▶ _ACTIVITY_
List all the lines in these records that hold "functions".

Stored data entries
· · ·

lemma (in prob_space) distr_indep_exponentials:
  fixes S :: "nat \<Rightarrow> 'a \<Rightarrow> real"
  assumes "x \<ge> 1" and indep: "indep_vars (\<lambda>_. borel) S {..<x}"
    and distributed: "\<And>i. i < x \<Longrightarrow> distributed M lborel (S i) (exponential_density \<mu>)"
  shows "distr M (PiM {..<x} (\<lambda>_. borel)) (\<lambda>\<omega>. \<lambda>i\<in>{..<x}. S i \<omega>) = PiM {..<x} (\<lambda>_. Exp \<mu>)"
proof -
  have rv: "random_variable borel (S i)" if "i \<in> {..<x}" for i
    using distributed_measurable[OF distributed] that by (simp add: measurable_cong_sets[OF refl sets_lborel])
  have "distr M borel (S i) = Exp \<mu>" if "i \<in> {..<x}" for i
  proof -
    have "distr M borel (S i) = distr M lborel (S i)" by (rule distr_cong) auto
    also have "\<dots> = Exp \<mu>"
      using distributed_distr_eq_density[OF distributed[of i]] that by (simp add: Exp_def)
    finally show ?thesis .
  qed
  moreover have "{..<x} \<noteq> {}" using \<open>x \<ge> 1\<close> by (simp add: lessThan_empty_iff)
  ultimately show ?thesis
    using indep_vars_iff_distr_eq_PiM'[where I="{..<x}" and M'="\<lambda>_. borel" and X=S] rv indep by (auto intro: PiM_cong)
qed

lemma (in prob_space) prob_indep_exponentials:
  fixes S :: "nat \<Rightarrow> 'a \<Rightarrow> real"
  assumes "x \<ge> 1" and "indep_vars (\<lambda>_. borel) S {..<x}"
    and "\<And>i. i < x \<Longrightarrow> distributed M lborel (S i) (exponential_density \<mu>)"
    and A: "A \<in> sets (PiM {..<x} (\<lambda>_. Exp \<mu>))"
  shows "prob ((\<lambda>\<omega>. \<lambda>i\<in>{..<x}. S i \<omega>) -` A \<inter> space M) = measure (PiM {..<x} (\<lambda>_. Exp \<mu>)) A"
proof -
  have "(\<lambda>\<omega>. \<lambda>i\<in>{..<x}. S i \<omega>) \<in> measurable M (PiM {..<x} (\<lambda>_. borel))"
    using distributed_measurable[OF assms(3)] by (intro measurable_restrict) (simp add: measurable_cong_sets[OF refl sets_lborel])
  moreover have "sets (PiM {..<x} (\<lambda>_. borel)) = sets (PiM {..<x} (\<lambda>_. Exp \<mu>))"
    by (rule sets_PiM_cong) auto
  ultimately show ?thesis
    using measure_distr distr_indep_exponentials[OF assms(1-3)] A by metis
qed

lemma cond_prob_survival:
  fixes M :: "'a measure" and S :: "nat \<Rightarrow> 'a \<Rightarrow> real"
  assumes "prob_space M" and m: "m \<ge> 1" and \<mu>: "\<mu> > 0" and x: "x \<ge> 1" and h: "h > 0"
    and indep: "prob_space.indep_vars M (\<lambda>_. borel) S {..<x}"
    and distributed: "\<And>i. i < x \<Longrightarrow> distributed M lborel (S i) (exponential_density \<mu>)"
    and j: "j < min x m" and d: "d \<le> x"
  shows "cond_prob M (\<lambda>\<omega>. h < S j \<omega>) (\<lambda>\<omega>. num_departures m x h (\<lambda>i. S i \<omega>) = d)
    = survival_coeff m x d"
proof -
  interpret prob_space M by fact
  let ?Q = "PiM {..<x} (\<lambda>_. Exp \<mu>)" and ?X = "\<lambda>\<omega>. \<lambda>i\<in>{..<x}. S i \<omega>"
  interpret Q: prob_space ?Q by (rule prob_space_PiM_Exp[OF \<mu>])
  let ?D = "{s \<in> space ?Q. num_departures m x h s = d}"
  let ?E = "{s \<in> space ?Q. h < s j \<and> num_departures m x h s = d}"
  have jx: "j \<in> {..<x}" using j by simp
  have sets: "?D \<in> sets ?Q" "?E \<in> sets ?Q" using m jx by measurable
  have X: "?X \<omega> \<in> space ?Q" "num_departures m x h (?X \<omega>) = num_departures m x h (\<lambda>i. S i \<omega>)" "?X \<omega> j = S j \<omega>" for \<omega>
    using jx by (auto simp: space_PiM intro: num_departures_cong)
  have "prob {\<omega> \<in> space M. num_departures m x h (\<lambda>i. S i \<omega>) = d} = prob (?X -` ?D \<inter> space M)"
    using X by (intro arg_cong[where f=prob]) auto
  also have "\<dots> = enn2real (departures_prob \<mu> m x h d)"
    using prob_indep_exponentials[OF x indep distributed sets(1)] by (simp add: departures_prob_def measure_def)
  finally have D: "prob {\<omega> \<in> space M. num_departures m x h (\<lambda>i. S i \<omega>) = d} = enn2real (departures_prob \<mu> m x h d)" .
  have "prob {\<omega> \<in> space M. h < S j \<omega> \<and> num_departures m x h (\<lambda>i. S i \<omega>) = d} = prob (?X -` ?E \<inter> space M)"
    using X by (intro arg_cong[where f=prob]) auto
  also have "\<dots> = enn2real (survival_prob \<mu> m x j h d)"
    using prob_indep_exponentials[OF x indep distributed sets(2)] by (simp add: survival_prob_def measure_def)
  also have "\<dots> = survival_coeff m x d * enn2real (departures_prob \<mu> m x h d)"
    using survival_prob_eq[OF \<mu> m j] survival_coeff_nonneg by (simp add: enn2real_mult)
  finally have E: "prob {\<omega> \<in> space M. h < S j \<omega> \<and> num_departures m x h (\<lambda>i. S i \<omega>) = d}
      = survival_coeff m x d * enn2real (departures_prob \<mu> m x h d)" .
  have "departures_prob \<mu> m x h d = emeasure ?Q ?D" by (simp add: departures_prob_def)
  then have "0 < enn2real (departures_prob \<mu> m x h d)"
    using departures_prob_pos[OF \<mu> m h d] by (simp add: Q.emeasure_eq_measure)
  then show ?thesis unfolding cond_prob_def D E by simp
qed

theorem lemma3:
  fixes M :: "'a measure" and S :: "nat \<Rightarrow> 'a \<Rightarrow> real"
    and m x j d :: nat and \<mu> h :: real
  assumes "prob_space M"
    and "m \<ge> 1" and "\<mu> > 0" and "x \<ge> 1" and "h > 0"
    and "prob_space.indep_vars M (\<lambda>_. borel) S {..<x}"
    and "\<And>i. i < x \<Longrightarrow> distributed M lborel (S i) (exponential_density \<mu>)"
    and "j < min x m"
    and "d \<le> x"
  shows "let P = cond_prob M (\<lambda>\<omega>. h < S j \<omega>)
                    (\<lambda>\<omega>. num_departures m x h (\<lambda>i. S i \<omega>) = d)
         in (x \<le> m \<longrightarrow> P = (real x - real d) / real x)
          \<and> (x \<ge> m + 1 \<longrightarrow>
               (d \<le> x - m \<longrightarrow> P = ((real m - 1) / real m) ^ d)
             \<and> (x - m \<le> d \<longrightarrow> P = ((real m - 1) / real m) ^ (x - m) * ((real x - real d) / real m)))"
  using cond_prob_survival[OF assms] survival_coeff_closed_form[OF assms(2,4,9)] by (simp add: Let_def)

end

· · ·

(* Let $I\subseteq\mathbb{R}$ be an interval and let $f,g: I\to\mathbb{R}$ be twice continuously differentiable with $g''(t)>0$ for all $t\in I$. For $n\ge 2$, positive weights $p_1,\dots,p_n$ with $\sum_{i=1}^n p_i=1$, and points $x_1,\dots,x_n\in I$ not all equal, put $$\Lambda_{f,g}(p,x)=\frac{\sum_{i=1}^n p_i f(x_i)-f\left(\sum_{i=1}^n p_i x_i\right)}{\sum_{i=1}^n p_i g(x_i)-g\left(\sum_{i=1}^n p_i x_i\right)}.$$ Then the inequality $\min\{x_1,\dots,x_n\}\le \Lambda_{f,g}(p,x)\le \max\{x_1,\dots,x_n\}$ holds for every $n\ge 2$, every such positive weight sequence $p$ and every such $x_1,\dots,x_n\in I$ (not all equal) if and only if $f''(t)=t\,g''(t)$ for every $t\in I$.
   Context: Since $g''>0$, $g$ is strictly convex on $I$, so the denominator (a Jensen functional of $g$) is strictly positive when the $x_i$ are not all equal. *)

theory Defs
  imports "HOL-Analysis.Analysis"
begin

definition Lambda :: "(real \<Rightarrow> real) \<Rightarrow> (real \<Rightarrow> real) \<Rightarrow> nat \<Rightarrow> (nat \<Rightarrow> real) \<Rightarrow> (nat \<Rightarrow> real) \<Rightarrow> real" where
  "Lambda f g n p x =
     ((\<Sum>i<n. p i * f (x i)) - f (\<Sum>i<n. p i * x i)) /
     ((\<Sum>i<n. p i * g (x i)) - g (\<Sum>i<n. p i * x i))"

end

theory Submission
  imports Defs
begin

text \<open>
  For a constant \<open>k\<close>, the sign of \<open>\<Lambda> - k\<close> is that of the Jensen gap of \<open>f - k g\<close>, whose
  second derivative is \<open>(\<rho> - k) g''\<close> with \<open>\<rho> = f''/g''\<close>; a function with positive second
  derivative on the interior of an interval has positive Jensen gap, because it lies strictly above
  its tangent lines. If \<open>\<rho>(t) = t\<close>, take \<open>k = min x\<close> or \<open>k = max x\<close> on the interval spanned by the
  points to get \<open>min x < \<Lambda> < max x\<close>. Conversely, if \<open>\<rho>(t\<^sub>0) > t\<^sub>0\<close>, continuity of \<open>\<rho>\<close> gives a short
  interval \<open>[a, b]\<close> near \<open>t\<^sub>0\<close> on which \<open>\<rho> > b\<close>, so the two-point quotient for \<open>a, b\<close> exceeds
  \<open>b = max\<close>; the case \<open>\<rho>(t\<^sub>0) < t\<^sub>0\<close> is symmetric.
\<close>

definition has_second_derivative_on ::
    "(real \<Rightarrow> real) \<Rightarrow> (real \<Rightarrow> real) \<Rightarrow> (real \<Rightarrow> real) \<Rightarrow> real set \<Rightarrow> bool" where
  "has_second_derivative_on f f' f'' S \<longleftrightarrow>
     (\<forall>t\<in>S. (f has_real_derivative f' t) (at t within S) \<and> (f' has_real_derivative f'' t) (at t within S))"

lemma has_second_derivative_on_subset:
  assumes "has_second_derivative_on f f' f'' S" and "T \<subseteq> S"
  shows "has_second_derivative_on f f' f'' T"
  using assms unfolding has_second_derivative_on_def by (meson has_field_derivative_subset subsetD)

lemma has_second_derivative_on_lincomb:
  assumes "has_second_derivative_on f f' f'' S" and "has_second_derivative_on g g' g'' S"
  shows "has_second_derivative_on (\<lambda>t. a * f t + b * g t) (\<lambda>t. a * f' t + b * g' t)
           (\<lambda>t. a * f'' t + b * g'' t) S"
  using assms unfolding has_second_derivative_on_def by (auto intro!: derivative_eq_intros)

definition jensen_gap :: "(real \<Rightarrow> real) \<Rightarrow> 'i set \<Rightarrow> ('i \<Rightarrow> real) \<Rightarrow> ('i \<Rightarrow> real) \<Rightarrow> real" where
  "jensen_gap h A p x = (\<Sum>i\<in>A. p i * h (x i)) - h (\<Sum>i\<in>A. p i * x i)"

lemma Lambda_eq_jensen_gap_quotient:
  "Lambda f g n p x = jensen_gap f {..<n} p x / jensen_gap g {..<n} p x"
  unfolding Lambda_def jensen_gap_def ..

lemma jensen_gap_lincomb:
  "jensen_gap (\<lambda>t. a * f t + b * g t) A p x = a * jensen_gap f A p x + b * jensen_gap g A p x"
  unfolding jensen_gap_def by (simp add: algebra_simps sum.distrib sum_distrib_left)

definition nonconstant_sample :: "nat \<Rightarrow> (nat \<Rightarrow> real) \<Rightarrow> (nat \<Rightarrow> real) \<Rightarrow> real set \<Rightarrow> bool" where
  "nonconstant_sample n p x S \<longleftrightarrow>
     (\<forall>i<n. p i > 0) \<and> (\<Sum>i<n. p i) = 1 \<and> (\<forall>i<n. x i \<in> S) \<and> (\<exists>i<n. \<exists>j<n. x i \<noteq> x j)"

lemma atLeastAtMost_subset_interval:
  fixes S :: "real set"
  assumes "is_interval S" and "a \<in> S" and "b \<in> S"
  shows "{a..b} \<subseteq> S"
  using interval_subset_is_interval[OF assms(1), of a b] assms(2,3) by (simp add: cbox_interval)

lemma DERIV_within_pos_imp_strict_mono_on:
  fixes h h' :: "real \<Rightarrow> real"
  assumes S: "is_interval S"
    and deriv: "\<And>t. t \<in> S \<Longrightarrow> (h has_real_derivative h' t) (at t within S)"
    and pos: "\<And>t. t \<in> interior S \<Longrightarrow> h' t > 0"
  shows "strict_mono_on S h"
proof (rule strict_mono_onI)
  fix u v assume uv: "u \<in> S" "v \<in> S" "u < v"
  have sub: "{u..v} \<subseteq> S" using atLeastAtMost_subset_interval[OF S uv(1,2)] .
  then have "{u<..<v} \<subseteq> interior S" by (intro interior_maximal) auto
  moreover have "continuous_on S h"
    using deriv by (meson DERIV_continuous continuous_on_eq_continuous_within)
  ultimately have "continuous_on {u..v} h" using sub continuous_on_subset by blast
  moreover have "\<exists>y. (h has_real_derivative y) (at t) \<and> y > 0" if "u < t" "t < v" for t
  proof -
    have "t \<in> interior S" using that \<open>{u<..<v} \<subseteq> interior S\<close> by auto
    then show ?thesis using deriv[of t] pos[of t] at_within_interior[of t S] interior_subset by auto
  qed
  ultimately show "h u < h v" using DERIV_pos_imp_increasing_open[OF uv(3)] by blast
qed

· · ·

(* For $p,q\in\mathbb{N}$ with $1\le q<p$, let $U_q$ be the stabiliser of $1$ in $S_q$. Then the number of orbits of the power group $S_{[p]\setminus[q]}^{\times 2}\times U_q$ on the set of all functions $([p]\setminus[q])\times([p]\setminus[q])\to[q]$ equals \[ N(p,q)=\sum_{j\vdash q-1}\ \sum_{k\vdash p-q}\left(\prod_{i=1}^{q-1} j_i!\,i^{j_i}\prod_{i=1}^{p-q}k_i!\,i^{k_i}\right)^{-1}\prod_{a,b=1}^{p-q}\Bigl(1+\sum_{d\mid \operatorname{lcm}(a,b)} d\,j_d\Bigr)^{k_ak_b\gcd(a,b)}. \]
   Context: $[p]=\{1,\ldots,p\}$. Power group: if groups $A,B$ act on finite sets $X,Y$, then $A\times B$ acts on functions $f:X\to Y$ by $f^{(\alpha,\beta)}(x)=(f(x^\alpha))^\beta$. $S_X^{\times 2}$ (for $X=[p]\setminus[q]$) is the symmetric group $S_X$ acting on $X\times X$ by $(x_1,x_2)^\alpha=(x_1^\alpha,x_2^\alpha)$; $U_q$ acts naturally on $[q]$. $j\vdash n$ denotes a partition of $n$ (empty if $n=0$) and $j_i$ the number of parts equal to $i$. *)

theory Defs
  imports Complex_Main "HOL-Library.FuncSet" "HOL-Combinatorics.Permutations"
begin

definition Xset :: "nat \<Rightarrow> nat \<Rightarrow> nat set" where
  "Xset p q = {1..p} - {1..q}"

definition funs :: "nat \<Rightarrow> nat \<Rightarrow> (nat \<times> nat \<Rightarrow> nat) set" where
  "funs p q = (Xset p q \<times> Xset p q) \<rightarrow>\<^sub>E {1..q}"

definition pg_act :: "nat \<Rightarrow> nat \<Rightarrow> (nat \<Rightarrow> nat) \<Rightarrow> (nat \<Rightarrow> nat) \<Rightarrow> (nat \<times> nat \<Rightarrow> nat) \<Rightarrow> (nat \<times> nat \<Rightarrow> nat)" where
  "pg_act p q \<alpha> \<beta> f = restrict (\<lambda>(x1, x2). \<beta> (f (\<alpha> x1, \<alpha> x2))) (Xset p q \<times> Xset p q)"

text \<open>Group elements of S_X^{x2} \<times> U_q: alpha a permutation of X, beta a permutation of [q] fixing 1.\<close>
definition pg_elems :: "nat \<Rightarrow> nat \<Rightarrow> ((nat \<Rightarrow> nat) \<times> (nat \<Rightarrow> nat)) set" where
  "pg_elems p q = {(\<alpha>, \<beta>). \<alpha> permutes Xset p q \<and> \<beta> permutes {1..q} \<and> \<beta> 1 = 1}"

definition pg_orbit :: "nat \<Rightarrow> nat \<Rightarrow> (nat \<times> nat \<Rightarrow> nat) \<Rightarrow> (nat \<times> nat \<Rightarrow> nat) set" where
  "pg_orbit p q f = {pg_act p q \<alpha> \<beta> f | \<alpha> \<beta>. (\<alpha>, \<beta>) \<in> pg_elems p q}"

· · ·

▶ _RESPONSE AREA_
(* For $p,q\in\mathbb{N}$ with $1\le q<p$, let $U_q$ be the stabiliser of $1$ in $S_q$. Then the number of orbits of the power group $S_{[p]\setminus[q]}^{\times 2}\times U_q$ on the set of all functions $([p]\setminus[q])\times([p]\setminus[q])\to[q]$ equals \[ N(p,q)=\sum_{j\vdash q-1}\ \sum_{k\vdash p-q}\left(\prod_{i=1}^{q-1} j_i!\,i^{j_i}\prod_{i=1}^{p-q}k_i!\,i^{k_i}\right)^{-1}\prod_{a,b=1}^{p-q}\Bigl(1+\sum_{d\mid \operatorname{lcm}(a,b)} d\,j_d\Bigr)^{k_ak_b\gcd(a,b)}. \]
   Context: $[p]=\{1,\ldots,p\}$. Power group: if groups $A,B$ act on finite sets $X,Y$, then $A\times B$ acts on functions $f:X\to Y$ by $f^{(\alpha,\beta)}(x)=(f(x^\alpha))^\beta$. $S_X^{\times 2}$ (for $X=[p]\setminus[q]$) is the symmetric group $S_X$ acting on $X\times X$ by $(x_1,x_2)^\alpha=(x_1^\alpha,x_2^\alpha)$; $U_q$ acts naturally on $[q]$. $j\vdash n$ denotes a partition of $n$ (empty if $n=0$) and $j_i$ the number of parts equal to $i$. *)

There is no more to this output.